Von Published On: 6. November 2015Kategorien: Allgemein

Das weltweit meistverkaufte Unkrautvernichtungsmittel Roundup mit dem Wirkstoff Glyphosat galt vier Jahrzehnte lang als unproblematisch für Regenwürmer. Bis ein österreichisches Forscherteam der Universität für Bodenkultur (BOKU) vor kurzem feststellte, dass handelsübliche Glyphosat-hältige Pflanzenschutzmittel die Aktivität und Fortpflanzung von Regenwürmern gravierend beeinträchtigen.

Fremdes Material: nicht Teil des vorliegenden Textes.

(* Let $m\ge 2$, $\rho\ge 0$, and consider the Mallows culture on candidates $\{1,\dots,m\}$ with reference ranking $(m,m-1,\dots,1)$ (candidate $m$ first) and concentration parameter $\rho$. With $\boldsymbol\beta=(\frac12,\dots,\frac12)$, the log saddle point is \[ \boldsymbol\tau=\Big(\frac{m\rho}{2},\frac{(m-2)\rho}{2},\dots,\frac{(-m+4)\rho}{2}\Big), \] i.e. $\tau_j=\frac{(m-2(j-1))\rho}{2}$ for $j=1,\dots,m-1$.
   Context: Mallows culture with reference ranking $r_0$ and parameter $\rho\ge0$: a ranking $r$ has probability $p_r=\gamma e^{-\rho d(r,r_0)}$ where $d$ is the Kendall tau distance (number of pairs of candidates ordered differently in $r$ and $r_0$) and $\gamma$ normalizes $\sum_rp_r=1$. Let $\mathcal{A}=\{1,\dots,m-1\}$; for $\mathcal{X}\subseteq\mathcal{A}$, $p_{\mathcal{X}}$ is the probability that the set of candidates ranked above $m$ is exactly $\mathcal{X}$, and $P(\mathbf{x})=\sum_{\mathcal{X}\subseteq\mathcal{A}}p_{\mathcal{X}}\prod_{j\in\mathcal{X}}x_j$. With $K(\mathbf{t})=\log P(e^{t_1},\dots,e^{t_{m-1}})$, the log saddle point $\boldsymbol\tau$ is the unique maximizer over $\mathbb{R}^{m-1}$ of $-K(\mathbf{t})+\boldsymbol\beta^T\mathbf{t}$. *)

theory Defs
  imports Complex_Main "HOL-Combinatorics.Permutations"
begin

text \<open>Candidates are 1..m. A ranking r is a permutation of {1..m}; r c is the
position of candidate c (position 1 = top).\<close>

definition rankings :: "nat \<Rightarrow> (nat \<Rightarrow> nat) set" where
  "rankings m = {r. r permutes {1..m}}"

definition kendall_tau :: "nat \<Rightarrow> (nat \<Rightarrow> nat) \<Rightarrow> (nat \<Rightarrow> nat) \<Rightarrow> nat" where
  "kendall_tau m r s =
     card {(a, b). a \<in> {1..m} \<and> b \<in> {1..m} \<and> a < b \<and> ((r a < r b) \<noteq> (s a < s b))}"

definition mallows_prob :: "nat \<Rightarrow> (nat \<Rightarrow> nat) \<Rightarrow> real \<Rightarrow> (nat \<Rightarrow> nat) \<Rightarrow> real" where
  "mallows_prob m r0 \<rho> r =
     exp (- \<rho> * real (kendall_tau m r r0)) /
     (\<Sum>s\<in>rankings m. exp (- \<rho> * real (kendall_tau m s r0)))"

definition above_m :: "nat \<Rightarrow> (nat \<Rightarrow> nat) \<Rightarrow> nat set" where
  "above_m m r = {c \<in> {1..m-1}. r c < r m}"

definition p_set :: "nat \<Rightarrow> (nat \<Rightarrow> nat) \<Rightarrow> real \<Rightarrow> nat set \<Rightarrow> real" where
  "p_set m r0 \<rho> X = (\<Sum>r\<in>{r \<in> rankings m. above_m m r = X}. mallows_prob m r0 \<rho> r)"

definition gen_poly :: "nat \<Rightarrow> (nat \<Rightarrow> nat) \<Rightarrow> real \<Rightarrow> (nat \<Rightarrow> real) \<Rightarrow> real" where
  "gen_poly m r0 \<rho> x = (\<Sum>X\<in>Pow {1..m-1}. p_set m r0 \<rho> X * (\<Prod>j\<in>X. x j))"

definition cgf :: "nat \<Rightarrow> (nat \<Rightarrow> nat) \<Rightarrow> real \<Rightarrow> (nat \<Rightarrow> real) \<Rightarrow> real" where
  "cgf m r0 \<rho> t = ln (gen_poly m r0 \<rho> (\<lambda>j. exp (t j)))"

definition saddle_obj :: "nat \<Rightarrow> (nat \<Rightarrow> nat) \<Rightarrow> real \<Rightarrow> (nat \<Rightarrow> real) \<Rightarrow> (nat \<Rightarrow> real) \<Rightarrow> real" where
  "saddle_obj m r0 \<rho> \<beta> t = - cgf m r0 \<rho> t + (\<Sum>j=1..m-1. \<beta> j * t j)"

text \<open>Reference ranking (m, m-1, ..., 1): candidate c at position m+1-c.\<close>
definition ref_rank :: "nat \<Rightarrow> nat \<Rightarrow> nat" where
  "ref_rank m c = (if c \<in> {1..m} then m + 1 - c else c)"

end

theory Submission
  imports Defs
begin

(* Write W_t(r) = exp (-rho d(r, r0) + sum of t_j over the candidates j above m in r). Up to the
   constant ln Z, the objective is -ln (sum_r W_t(r)) + sum_j t_j / 2. At t = tau the weights are
   invariant under the involution of rankings that exchanges the block of candidates above m with
   the block below m, keeping the order inside each block: the exponent splits into a sum over
   pairs of candidates, and each summand is invariant. As the involution moves every candidate
   j < m to the other side of m, j lies above m with W_tau-probability exactly 1/2, which is the
   first-order condition grad K(tau) = beta. Summing exp y >= 1 + y against W_tau turns it into
   global maximality; strictness of that inequality gives uniqueness, since the rankings r0 and
   r0 composed with the transposition (j m) separate the coordinates. *)

lemma sum_mult_exp_minus_sum:
  fixes w y :: "'a \<Rightarrow> real"
  assumes "(\<Sum>r\<in>R. w r * y r) = 0"
  shows "(\<Sum>r\<in>R. w r * exp (y r)) - (\<Sum>r\<in>R. w r) = (\<Sum>r\<in>R. w r * (exp (y r) - 1 - y r))"
  using assms by (simp add: sum_subtractf right_diff_distrib)

lemma exp_minus_one_minus_self_nonneg: "0 \<le> exp x - 1 - (x :: real)"
  using exp_ge_add_one_self[of x] by linarith

lemma sum_mult_exp_ge:
  fixes w y :: "'a \<Rightarrow> real"
  assumes "\<And>r. r \<in> R \<Longrightarrow> 0 \<le> w r" and "(\<Sum>r\<in>R. w r * y r) = 0"
  shows "(\<Sum>r\<in>R. w r) \<le> (\<Sum>r\<in>R. w r * exp (y r))"
proof -
  have "0 \<le> (\<Sum>r\<in>R. w r * (exp (y r) - 1 - y r))"
    by (intro sum_nonneg mult_nonneg_nonneg assms(1) exp_minus_one_minus_self_nonneg)
  then show ?thesis using sum_mult_exp_minus_sum[OF assms(2)] by linarith
qed
lemma perms_avoiding_Cons_max_iff:
  assumes "\<forall>tau \<in> set taus. \<exists>y \<in> set tau. hd tau < y"
  shows "Suc n # p \<in> perms_avoiding taus (Suc n) \<longleftrightarrow> p \<in> perms_avoiding taus n"
proof -
  have perm: "Suc n # p \<in> perms (Suc n) \<longleftrightarrow> p \<in> perms n"
    using perms_insert_max_iff[of "[]"] by simp
  have "contains (Suc n # p) tau \<longleftrightarrow> contains p tau"
    if p: "p \<in> perms n" and tau: "tau \<in> set taus" for tau
  proof
    have "\<forall>x \<in> set p. x < Suc n" using p unfolding perms_def by auto
    moreover obtain y where "y \<in> set tau" "hd tau < y" using assms tau by blast
    ultimately show "contains (Suc n # p) tau \<Longrightarrow> contains p tau"
      using contains_Cons_greaterD by blast
    show "contains p tau \<Longrightarrow> contains (Suc n # p) tau"
      by (erule contains_subseq) auto
  qed
  with perm show ?thesis unfolding perms_avoiding_def avoids_def by auto
qed

lemma perms_avoiding_snoc_max_iff:
  assumes "\<forall>tau \<in> set taus. \<exists>y \<in> set tau. last tau < y"
  shows "p @ [Suc n] \<in> perms_avoiding taus (Suc n) \<longleftrightarrow> p \<in> perms_avoiding taus n"
proof -
  have perm: "p @ [Suc n] \<in> perms (Suc n) \<longleftrightarrow> p \<in> perms n"
    using perms_insert_max_iff[of p n "[]"] by simp
  have "contains (p @ [Suc n]) tau \<longleftrightarrow> contains p tau"
    if p: "p \<in> perms n" and tau: "tau \<in> set taus" for tau
  proof
    have "\<forall>x \<in> set p. x < Suc n" using p unfolding perms_def by auto
    moreover obtain y where "y \<in> set tau" "last tau < y" using assms tau by blast
    ultimately show "contains (p @ [Suc n]) tau \<Longrightarrow> contains p tau"
      using contains_snoc_greaterD by blast
    show "contains p tau \<Longrightarrow> contains (p @ [Suc n]) tau"
      by (erule contains_subseq) (simp add: subseq_rev_drop_many)
  qed
  with perm show ?thesis unfolding perms_avoiding_def avoids_def by auto
qed

lemma perms_avoiding_Suc_cases:
  assumes "\<forall>tau \<in> set taus. \<exists>y \<in> set tau. hd tau < y"
    and "\<forall>tau \<in> set taus. \<exists>y \<in> set tau. last tau < y"
    and "p \<in> perms_avoiding taus (Suc n)"
  obtains (Cons) q where "q \<in> perms_avoiding taus n" "p = Suc n # q"
    | (snoc) q where "q \<in> perms_avoiding taus n" "p = q @ [Suc n]"
    | (inside) a b where "p = a @ Suc n # b" "a \<noteq> []" "b \<noteq> []"
proof -
  have "Suc n \<in> set p" using assms(3) unfolding perms_avoiding_def perms_def by auto
  then obtain a b where p: "p = a @ Suc n # b" by (meson split_list)
  show thesis
  proof (cases "a = []")
    case True
    then show thesis using p assms(3) perms_avoiding_Cons_max_iff[OF assms(1)] Cons by auto
  next
    case False
    show thesis
    proof (cases "b = []")
      case True
      then show thesis using p assms(3) perms_avoiding_snoc_max_iff[OF assms(2)] snoc by auto
    qed (use False p inside in blast)
  qed
qed

lemma card_Cons_snoc_image:
  assumes "X \<subseteq> perms n" "0 < n"
  shows "card ((\<lambda>p. Suc n # p) ` X \<union> (\<lambda>p. p @ [Suc n]) ` X) = 2 * card X"
proof -
  have "finite X" using assms(1) finite_perms finite_subset by blast
  moreover have "(\<lambda>p. Suc n # p) ` X \<inter> (\<lambda>p. p @ [Suc n]) ` X = {}"
  proof -
    have "Suc n # p \<noteq> q @ [Suc n]" if "q \<in> perms n" for p q
    proof -
      have "q \<noteq> []" "Suc n \<notin> set q" using that assms(2) unfolding perms_def by auto
      then show ?thesis by (cases q) auto
    qed
    then show ?thesis using assms(1) by blast
  qed
  ultimately have "card ((\<lambda>p. Suc n # p) ` X \<union> (\<lambda>p. p @ [Suc n]) ` X)
      = card ((\<lambda>p. Suc n # p) ` X) + card ((\<lambda>p. p @ [Suc n]) ` X)"
    by (intro card_Un_disjoint) auto
  also have "\<dots> = 2 * card X"
    by (simp add: card_image inj_on_def)
  finally show ?thesis .
qed

abbreviation av_132_231 :: "nat \<Rightarrow> nat list set" where
  "av_132_231 \<equiv> perms_avoiding [[1,3,2], [2,3,1]]"

lemma av_132_231_Suc:
  "av_132_231 (Suc n) = (\<lambda>p. Suc n # p) ` av_132_231 n \<union> (\<lambda>p. p @ [Suc n]) ` av_132_231 n"
  (is "?T = ?C \<union> ?L")
proof
  have first: "\<forall>tau \<in> set [[1,3,2], [2,3,1::nat]]. \<exists>y \<in> set tau. hd tau < y"
    and last: "\<forall>tau \<in> set [[1,3,2], [2,3,1::nat]]. \<exists>y \<in> set tau. last tau < y"
    by simp_all
  show "?C \<union> ?L \<subseteq> ?T"
    using perms_avoiding_Cons_max_iff[OF first] perms_avoiding_snoc_max_iff[OF last] by auto
  show "?T \<subseteq> ?C \<union> ?L"
  proof
    fix p assume p: "p \<in> ?T"
    from first last p show "p \<in> ?C \<union> ?L"
    proof (cases rule: perms_avoiding_Suc_cases)
      case (inside a b)
      then obtain x y where "x \<in> set a" "y \<in> set b" by (meson hd_in_set)
      then have sub: "subseq [x, Suc n, y] p"
        using inside(1) subseq_append_Cons[of "[x]" a "[y]" b] by (simp add: subseq_singleton_left)
      have ab: "a @ b \<in> perms n"
        using p inside(1) perms_insert_max_iff unfolding perms_avoiding_def by simp
      then have "x \<noteq> y" "x < Suc n" "y < Suc n"
        using \<open>x \<in> set a\<close> \<open>y \<in> set b\<close> perms_le[OF ab] unfolding perms_def by fastforce+
      then have "contains p [1,3,2] \<or> contains p [2,3,1]"
        using sub unfolding contains_132_iff contains_231_iff by (metis linorder_neqE_nat)
      with p show ?thesis unfolding perms_avoiding_def avoids_def by auto
    qed auto
  qed
qed

lemma card_av_132_231: "0 < n \<Longrightarrow> card (av_132_231 n) = 2 ^ (n - 1)"
proof (induction n rule: nat_induct_non_zero)
  case 1
  then show ?case using perms_avoiding_1[of "[[1,3,2], [2,3,1]]"] by simp
next
  case (Suc n)
  then show ?case
    using av_132_231_Suc card_Cons_snoc_image[OF perms_avoiding_subset] by (simp add: power_eq_if)
qed

abbreviation av_1243_2143_231 :: "nat \<Rightarrow> nat list set" where
  "av_1243_2143_231 \<equiv> perms_avoiding [[1,2,4,3], [2,1,4,3], [2,3,1]]"

lemma av_1243_2143_231_prefix_of_max:
  assumes "a @ Suc n # b \<in> av_1243_2143_231 (Suc n)" "a \<noteq> []" "b \<noteq> []"
  shows "a = [1]"
proof -
  let ?p = "a @ Suc n # b"
  have ab: "a @ b \<in> perms n" using assms(1) perms_insert_max_iff unfolding perms_avoiding_def by simp
  have avoid: "\<not> contains ?p [1,2,4,3]" "\<not> contains ?p [2,1,4,3]" "\<not> contains ?p [2,3,1]"
    using assms(1) unfolding perms_avoiding_def avoids_def by auto
  have below: "x < y" if "x \<in> set a" "y \<in> set b" for x y
  proof (rule ccontr)
    have "x \<noteq> y" "x < Suc n" using ab that perms_le[OF ab] unfolding perms_def by fastforce+
    moreover assume "\<not> x < y"
    ultimately have "y < x" "x < Suc n" by auto
    moreover have "subseq [x, Suc n, y] ?p"
      using that subseq_append_Cons[of "[x]" a "[y]" b] by (simp add: subseq_singleton_left)
    ultimately have "contains ?p [2,3,1]" unfolding contains_231_iff by blast
    with avoid(3) show False ..
  qed
  obtain y where y: "y \<in> set b" using assms(3) by (meson hd_in_set)
  obtain x where x: "a = [x]"
  proof (cases a rule: remdups_adj.cases)
    case (3 x1 x2 r)
    then have "subseq [x1, x2, Suc n, y] ?p"
      using y subseq_append_Cons[of "[x1, x2]" a "[y]" b] by (simp add: subseq_singleton_left)
    moreover have "x1 \<noteq> x2" "x1 < y" "x2 < y" "y < Suc n"
      using 3 ab y below perms_le[OF ab] unfolding perms_def by fastforce+
    ultimately have "contains ?p [1,2,4,3] \<or> contains ?p [2,1,4,3]"
      unfolding contains_1243_iff contains_2143_iff by (meson linorder_neqE_nat)
    with avoid(1,2) show ?thesis by blast
  qed (use assms(2) in auto)
  have "1 \<in> set (a @ b)" "\<forall>z \<in> set (a @ b). 1 \<le> z"
    using ab y unfolding perms_def by auto
  then show "a = [1]" using x y below by fastforce
qed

Dieser offensichtliche Widerspruch zwischen der behördlichen Risikoeinschätzung einerseits und den Ergebnissen der Wissenschaftler andererseits veranlasste uns zu einem Vergleich der jeweils angewendeten Untersuchungsmethoden. Wenig erfreuliches Fazit dieser Analyse: Mit den realitätsfernen Versuchsanordnungen im Zulassungsverfahren ließen sich auch in hundert Jahren noch keine negativen Auswirkungen der untersuchten Produkte auf Regenwürmer nachweisen.
BOKU-Studie findet
dramatische Auswirkungen auf Regenwürmer
Die BOKU-Studie simuliert in verkleinertem Maßstab, was auf unseren Äckern täglich hundertfach von statten geht: Das Totspritzen von Beikräutern mit Unkrautvernichtungsmitteln auf Glyphosat-Basis. Dazu wurden 45-Liter-Töpfe mit Erde befüllt und mit natürlichen Beikräutern (gewöhnlicher Löwenzahn, Weißklee und Knäuelgras) bepflanzt. Dazu kamen noch die zwei häufigsten Regenwurmarten, der tiefgrabende Tauwurm (Lumbricus terrestris) und der horizontalbohrende Wiesenwurm (Aporrectodea caliginosa). Die Beikräuter wurden mit handelsüblichen Roundup-Produkten gespritzt. Sie starben nach wenigen Tagen ab und dienten den Regenwürmern als reichliche Nahrungsquelle. Sechs Wochen später ließ sich bei den Regenwürmern eine 60-prozentige Abnahme der Fortpflanzung und Aktivität feststellen.
Realitätsferne
Industriestudien
verschleiern schädliche Pestizidwirkung
Zur Bewertung des Risikos für Regenwürmer wurden 2002 im europäischen Erstzulassungsverfahren von Glyphosat insgesamt neun sogenannte „regulatorische Studien“ einbezogen. Das teilte die österreichische Pestizid-Zulassungsbehörde AGES/BAES auf Anfrage mit. Auf den ersten Blick scheint diese Anzahl beachtlich. Doch acht dieser neun regulatorischen Studien sind simple Labortests zur Ermittlung der akuten Toxizität gemäß der Richtlinie „OECD-Guideline 207“. Dabei werden Würmer über ein Pestizid-getränktes Filterpapier oder in künstlichem Erd-Substrat unmittelbar dem Pestizid ausgesetzt. So wird die „letale Dosis“ (LD50) ermittelt, bei der die Hälfte der Regenwürmer innerhalb von 14 Tagen stirbt.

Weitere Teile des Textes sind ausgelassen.